Count each line below that has "carrier" anywhere in it. Answer with the total alone.

◆ ◆ ◆

lemma span_basis: "E.span (b ` carrier G) = UNIV"
proof -
  have "e \<in> E.span (b ` carrier G)" for e
  proof -
    obtain c where c: "\<forall>w\<in>carrier G. c w \<in> Esub w" "e = (\<Sum>w\<in>carrier G. c w)"
      using decomp[unfolded direct_sum_decomp_def, THEN conjunct2, rule_format, of e]
      by (auto dest: ex1_implies_ex)
    have "c w \<in> E.span (b ` carrier G)" if w: "w \<in> carrier G" for w
    proof -
      obtain \<alpha> where "c w = sE \<alpha> (b w)" using component_multiple_basis[OF w] c(1) w by blast
      then show ?thesis using w by (simp add: E.span_base E.span_scale)
    qed
    then show ?thesis using c(2) by (simp add: E.span_sum)
  qed
  then show ?thesis by auto
qed

text \<open>A multiple of the basis vector of the unit component is idempotent, hence fixes every
  basis vector (a nonzero idempotent scalar is 1), hence is the unit of the algebra.\<close>
lemma one_in_unit_component: "1 \<in> Esub \<one>"
proof -
  obtain l where l: "b \<one> * b \<one> = sE l (b \<one>)"
    using component_multiple_basis[OF one_closed]
      mult_in_component[OF one_closed one_closed basis_in_component basis_in_component]
    by auto
  have "l \<noteq> 0" using l basis_mult_nonzero by fastforce
  define e where "e = sE (1 / l) (b \<one>)"
  have idem: "e * e = e" unfolding e_def using l \<open>l \<noteq> 0\<close> by simp
  have fixes_basis: "e * b w = b w" if w: "w \<in> carrier G" for w
  proof -
    have "e * b w \<in> Esub w"
      unfolding e_def using mult_in_component[of \<one> w] basis_in_component w
      by (simp add: E.subspace_scale component_subspace)
    then obtain \<mu> where \<mu>: "e * b w = sE \<mu> (b w)" using component_multiple_basis[OF w] by blast
    have "\<mu> \<noteq> 0"
      using \<mu> basis_mult_nonzero[of \<one> w] w \<open>l \<noteq> 0\<close> by (auto simp: e_def)
    have "sE (\<mu> * \<mu>) (b w) = sE \<mu> (b w)"
      using \<mu> idem by (metis E.scale_scale mult.assoc scale_mult_right)
    then have "\<mu> = 1" using \<open>\<mu> \<noteq> 0\<close> basis_nonzero w by simp
    then show ?thesis using \<mu> by simp
  qed
  have "E.subspace {a. e * a = a}"
    by (rule E.subspaceI) (auto simp: distrib_left)
  then have "E.span (b ` carrier G) \<subseteq> {a. e * a = a}"
    using fixes_basis by (intro E.span_minimal) auto
  then have "e * 1 = 1" using span_basis by blast
  then have "e = 1" by simp
  moreover have "e \<in> Esub \<one>"
    unfolding e_def
    by (rule E.subspace_scale[OF component_subspace[OF one_closed] basis_in_component[OF one_closed]])
  ultimately show ?thesis by simp
qed
fun state_mat_pow :: "nat \<Rightarrow> (nat set \<Rightarrow> nat set \<Rightarrow> real) \<Rightarrow> nat \<Rightarrow> nat set \<Rightarrow> nat set \<Rightarrow> real" where
  "state_mat_pow n Q 0 S T = (if S = T then 1 else 0)"
| "state_mat_pow n Q (Suc k) S T = (\<Sum>U\<in>Pow {..<n}. state_mat_pow n Q k S U * Q U T)"

definition gossip_transition :: "real \<Rightarrow> real \<Rightarrow> nat \<Rightarrow> real \<Rightarrow> nat set \<Rightarrow> nat set \<Rightarrow> real" where
  "gossip_transition lam_e lam n t S T =
     (\<Sum>k. t ^ k / fact k * state_mat_pow n (gossip_generator lam_e lam n) k S T)"

definition expected_freshness :: "real \<Rightarrow> real \<Rightarrow> nat \<Rightarrow> nat set \<Rightarrow> real \<Rightarrow> real" where
  "expected_freshness lam_e lam n S0 t =
     (\<Sum>T\<in>Pow {..<n}. gossip_transition lam_e lam n t S0 T * (if 0 \<in> T then 1 else 0))"

end

theory Submission
  imports Defs "HOL-Real_Asymp.Real_Asymp"
begin
lemma layer_weight_grad_integral_le:
  fixes \<Omega> :: "'a::euclidean_space set"
  assumes \<Omega>: "open \<Omega>" "bounded \<Omega>" "\<Omega> = {x. \<rho> x < 0}"
    and \<rho>: "C1_with_grad \<rho> UNIV g" and g: "C1_with_deriv g UNIV H" and \<epsilon>: "0 < \<epsilon>"
  shows "integral \<Omega> (\<lambda>x. layer_weight \<rho> \<epsilon> x * (g x \<bullet> g x)) \<le> integral \<Omega> (\<lambda>x. \<bar>\<Sum>i\<in>Basis. H x i \<bullet> i\<bar>)"
proof -
  let ?\<phi> = "cutoff \<rho> \<epsilon>" and ?k = "layer_weight \<rho> \<epsilon>"
  define \<Delta> where "\<Delta> x = (\<Sum>i\<in>Basis. H x i \<bullet> i)" for x
  have \<rho>_cont: "continuous_on UNIV \<rho>" by (rule C1_with_grad_continuous_on[OF \<rho>])
  have g_cont: "continuous_on UNIV g" using \<rho> unfolding C1_with_grad_def by blast
  have \<Delta>_cont: "continuous_on UNIV \<Delta>"
    using g unfolding \<Delta>_def[abs_def] C1_with_deriv_def by (intro continuous_intros) auto
  have int: "h integrable_on \<Omega>" if "continuous_on UNIV h" for h :: "'a \<Rightarrow> real"
    using integrable_on_if_continuous_on_closure[OF \<Omega>(1,2) continuous_on_subset[OF that]] by simp
  have kgg_int: "(\<lambda>x. ?k x * (g x \<bullet> g x)) integrable_on \<Omega>"
    by (rule int) (intro continuous_intros continuous_on_layer_weight \<rho>_cont g_cont)
  have \<phi>\<Delta>_int: "(\<lambda>x. ?\<phi> x * \<Delta> x) integrable_on \<Omega>"
    by (rule int) (intro continuous_intros continuous_on_cutoff \<rho>_cont \<Delta>_cont)
  have "((\<lambda>x. ?\<phi> x * \<Delta> x - ?k x * (g x \<bullet> g x)) has_integral 0) \<Omega>"
    unfolding \<Delta>_def
    by (rule cutoff_divergence_integral[OF \<Omega> \<rho> \<epsilon> C1_with_deriv_subset[OF g]]) simp
  then have "integral \<Omega> (\<lambda>x. ?k x * (g x \<bullet> g x)) = integral \<Omega> (\<lambda>x. ?\<phi> x * \<Delta> x)"
    using integral_diff[OF \<phi>\<Delta>_int kgg_int] by (simp add: integral_unique)
  also have "\<dots> \<le> integral \<Omega> (\<lambda>x. \<bar>\<Delta> x\<bar>)"
  proof (rule integral_le[OF \<phi>\<Delta>_int int])
    show "continuous_on UNIV (\<lambda>x. \<bar>\<Delta> x\<bar>)" by (intro continuous_intros \<Delta>_cont)
    show "?\<phi> x * \<Delta> x \<le> \<bar>\<Delta> x\<bar>" for x
    proof -
      have "?\<phi> x * \<Delta> x \<le> ?\<phi> x * \<bar>\<Delta> x\<bar>" using cutoff_nonneg by (rule mult_left_mono[OF abs_ge_self])
      also have "\<dots> \<le> \<bar>\<Delta> x\<bar>" using cutoff_nonneg cutoff_le_one by (rule mult_left_le_one_le[OF abs_ge_zero])
      finally show ?thesis .
    qed
  qed
  finally show ?thesis unfolding \<Delta>_def .
qed

lemma layer_weight_integral_bounded:
  fixes \<Omega> :: "'a::euclidean_space set"
  assumes \<Omega>: "open \<Omega>" "bounded \<Omega>" "\<Omega> = {x. \<rho> x < 0}" "frontier \<Omega> = {x. \<rho> x = 0}"
    and \<rho>: "C1_with_grad \<rho> UNIV g" and g: "C1_with_deriv g UNIV H"
    and g_nz: "\<And>x. x \<in> frontier \<Omega> \<Longrightarrow> g x \<noteq> 0"
  obtains C e where "0 < C" "0 < e" "\<And>\<epsilon>. 0 < \<epsilon> \<Longrightarrow> \<epsilon> \<le> e \<Longrightarrow> integral \<Omega> (layer_weight \<rho> \<epsilon>) \<le> C"
proof -
  have \<rho>_cont: "continuous_on UNIV \<rho>" by (rule C1_with_grad_continuous_on[OF \<rho>])
  have g_cont: "continuous_on UNIV g" using \<rho> unfolding C1_with_grad_def by blast
  have "\<exists>c>0. \<forall>x\<in>frontier \<Omega>. c \<le> g x \<bullet> g x"
  proof (rule compact_pos_lower_bound[OF compact_frontier_bounded[OF \<Omega>(2)]])
    show "continuous_on (frontier \<Omega>) (\<lambda>x. g x \<bullet> g x)"
      by (intro continuous_intros continuous_on_subset[OF g_cont] subset_UNIV)
    show "0 < g x \<bullet> g x" if "x \<in> frontier \<Omega>" for x using g_nz[OF that] by simp
  qed
  then obtain c where c: "0 < c" "\<And>x. x \<in> frontier \<Omega> \<Longrightarrow> c \<le> g x \<bullet> g x" by blast
  have "- (g x \<bullet> g x) < - (c / 2)" if "x \<in> frontier \<Omega>" for x using c(2)[OF that] c(1) by simp
  then have "\<exists>e>0. \<forall>x\<in>closure \<Omega>. -e < \<rho> x \<longrightarrow> - (g x \<bullet> g x) < - (c / 2)"
    by (intro bound_near_boundary[OF \<Omega>(2-4) \<rho>_cont])
       (auto intro!: continuous_intros continuous_on_subset[OF g_cont])
  then obtain e where e: "0 < e" "\<And>x. x \<in> closure \<Omega> \<Longrightarrow> -e < \<rho> x \<Longrightarrow> c / 2 < g x \<bullet> g x"
    by auto
  define M where "M = integral \<Omega> (\<lambda>x. \<bar>\<Sum>i\<in>Basis. H x i \<bullet> i\<bar>)"
  show thesis
  proof (rule that[of "2 * M / c + 1" "e / 2"])
    have "0 \<le> M"
      unfolding M_def using g unfolding C1_with_deriv_def
      by (intro integral_nonneg integrable_on_if_continuous_on_closure[OF \<Omega>(1,2)] continuous_intros)
         (auto intro: continuous_on_subset)
    then show "0 < 2 * M / c + 1" using c(1) by (simp add: add_nonneg_pos)
    show "0 < e / 2" using e(1) by simp
  next
    fix \<epsilon> :: real assume \<epsilon>: "0 < \<epsilon>" "\<epsilon> \<le> e / 2"
    let ?k = "layer_weight \<rho> \<epsilon>"
    have k_int: "?k integrable_on \<Omega>"
      by (intro integrable_on_if_continuous_on_closure[OF \<Omega>(1,2)] continuous_on_subset[OF
          continuous_on_layer_weight[OF \<rho>_cont]] subset_UNIV)
    have "integral \<Omega> (\<lambda>x. c / 2 * ?k x) \<le> integral \<Omega> (\<lambda>x. ?k x * (g x \<bullet> g x))"
    proof (rule integral_le[OF integrable_on_mult_right[OF k_int]])
      show "(\<lambda>x. ?k x * (g x \<bullet> g x)) integrable_on \<Omega>"
        by (intro integrable_on_if_continuous_on_closure[OF \<Omega>(1,2)] continuous_intros
            continuous_on_subset[OF continuous_on_layer_weight[OF \<rho>_cont]] continuous_on_subset[OF g_cont])
          auto
      fix x assume x: "x \<in> \<Omega>"
      have "c / 2 \<le> g x \<bullet> g x" if "-2 * \<epsilon> < \<rho> x"
      proof -
        have "-e < \<rho> x" using that \<epsilon>(2) by linarith
        then show ?thesis using e(2)[of x] x closure_subset by (blast intro: less_imp_le)
      qed
      from layer_weight_mult_mono[OF \<epsilon>(1) this]
      show "c / 2 * ?k x \<le> ?k x * (g x \<bullet> g x)" by (simp add: mult.commute)
    qed
    also have "\<dots> \<le> M" unfolding M_def by (rule layer_weight_grad_integral_le[OF \<Omega>(1-3) \<rho> g \<epsilon>(1)])
    finally have "c / 2 * integral \<Omega> ?k \<le> M" by (simp add: integral_mult_right)
    then show "integral \<Omega> ?k \<le> 2 * M / c + 1" using c(1) by (simp add: field_simps)
  qed
qed
(* Assume (SH). Let $x\in\operatorname{dom}f$ and let $0<\rho_t\le1$, $t\in T$, satisfy $\inf_{t\in T}\rho_tf_t(x)>-\infty$. Then \[ \partial f(x)\subset\bigcap_{\varepsilon>0}\overline{\operatorname{co}}\Big(\Big(\bigcup_{t\in T(x)}\partial_\varepsilon f_t(x)\Big)\cup\Big(\bigcup_{t\in T\setminus T(x)}\varepsilon\,\partial_\varepsilon(\rho_tf_t)(x)\Big)\Big). \] Moreover, if $f$ attains its minimum at $x$, this inclusion is an equality.
   Context: $X$ is a real separated locally convex space with dual $X^*$ carrying the weak$^*$ topology. $T$ is a nonempty index set, $\{f_t: t\in T\}$ are proper convex lsc functions $X\to\mathbb{R}\cup\{+\infty\}$, $f:=\sup_{t\in T}f_t$. $T(x):=\{t\in T: f_t(x)=f(x)\}$ (active indices). $\partial_\varepsilon g(x)=\{x^*:\ g(y)\ge g(x)+\langle x^*,y-x\rangle-\varepsilon\ \forall y\}$ if $g(x)\in\mathbb{R}$, $\varepsilon\ge0$ (empty otherwise), $\partial=\partial_0$; $\varepsilon A=\{\varepsilon a:a\in A\}$. $\overline{\operatorname{co}}$ is the weak$^*$-closed convex hull. (SH): $T$ is compact Hausdorff and $t\mapsto f_t(z)$ is upper semicontinuous on $T$ for each $z\in X$. *)

theory Defs
  imports "HOL-Analysis.Analysis"
begin

text \<open>A real separated locally convex space is modelled as a real vector space of
type 'a whose topology is generated by a family P of seminorms.\<close>

definition seminorm :: "('a::real_vector \<Rightarrow> real) \<Rightarrow> bool" where
  "seminorm p \<longleftrightarrow> (\<forall>x y. p (x + y) \<le> p x + p y) \<and> (\<forall>c x. p (c *\<^sub>R x) = \<bar>c\<bar> * p x)"

definition lcs :: "('a::real_vector \<Rightarrow> real) set \<Rightarrow> bool" where
  "lcs P \<longleftrightarrow> (\<forall>p\<in>P. seminorm p) \<and> (\<forall>x. x \<noteq> 0 \<longrightarrow> (\<exists>p\<in>P. p x > 0))"

definition lc_nbhd :: "('a::real_vector \<Rightarrow> real) set \<Rightarrow> real \<Rightarrow> 'a \<Rightarrow> 'a set" where
  "lc_nbhd F e x = {y. \<forall>p\<in>F. p (y - x) < e}"

definition lc_open :: "('a::real_vector \<Rightarrow> real) set \<Rightarrow> 'a set \<Rightarrow> bool" where
  "lc_open P U \<longleftrightarrow> (\<forall>x\<in>U. \<exists>F e. finite F \<and> F \<subseteq> P \<and> e > 0 \<and> lc_nbhd F e x \<subseteq> U)"

definition lc_lsc :: "('a::real_vector \<Rightarrow> real) set \<Rightarrow> ('a \<Rightarrow> ereal) \<Rightarrow> bool" where
  "lc_lsc P g \<longleftrightarrow> (\<forall>c::ereal. lc_open P {y. c < g y})"

definition lc_dual :: "('a::real_vector \<Rightarrow> real) set \<Rightarrow> ('a \<Rightarrow> real) set" where
  "lc_dual P = {\<phi>. linear \<phi> \<and> lc_open P {y. \<bar>\<phi> y\<bar> < 1}}"
lemma reverse_tribonacci_eigenform_power:
  fixes b :: "nat \<Rightarrow> 'a::ab_group_add" and F :: "'a \<Rightarrow> 'a \<Rightarrow> 'a \<Rightarrow> 'b::monoid_mult"
  assumes eigen: "\<And>x y z. F y z (x - y - z) = c * F x y z"
    and "reverse_tribonacci b"
  shows "F (b k) (b (k + 1)) (b (k + 2)) = c ^ k * F (b 0) (b 1) (b 2)"
proof (induction k)
  case 0
  show ?case by (simp add: numeral_2_eq_2)
next
  case (Suc k)
  have "F (b (Suc k)) (b (Suc k + 1)) (b (Suc k + 2))
      = F (b (k + 1)) (b (k + 2)) (b k - b (k + 1) - b (k + 2))"
    using reverse_tribonacci_step[OF assms(2), of k] by (simp add: numeral_3_eq_3)
  also have "\<dots> = c * F (b k) (b (k + 1)) (b (k + 2))" by (rule eigen)
  finally show ?case using Suc.IH by (simp add: mult.assoc)
qed

text \<open>
  For the step \<open>(x, y, z) \<mapsto> (y, z, x - y - z)\<close>, \<open>decaying_part\<close> is the left eigenvector for the
  eigenvalue \<open>1/\<phi>\<close>, and \<open>growing_part_sq\<close> is a positive multiple of the squared modulus of a
  left eigenvector for one of the two complex eigenvalues, whose modulus is \<open>sqrt \<phi>\<close>
  (coefficients reduced using \<open>\<phi>^3 = \<phi>\<^sup>2 + \<phi> + 1\<close>).
\<close>

definition growing_part_sq :: "real \<Rightarrow> real \<Rightarrow> real \<Rightarrow> real \<Rightarrow> real" where
  "growing_part_sq \<phi> x y z =
     x\<^sup>2 + (\<phi>\<^sup>2 - 1) * y\<^sup>2 + \<phi> * z\<^sup>2 - (\<phi> + 1) * x * y - (\<phi>\<^sup>2 - \<phi>) * x * z + (\<phi> - 1) * y * z"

◆ ◆ ◆

# EXERCISE OUTPUT
6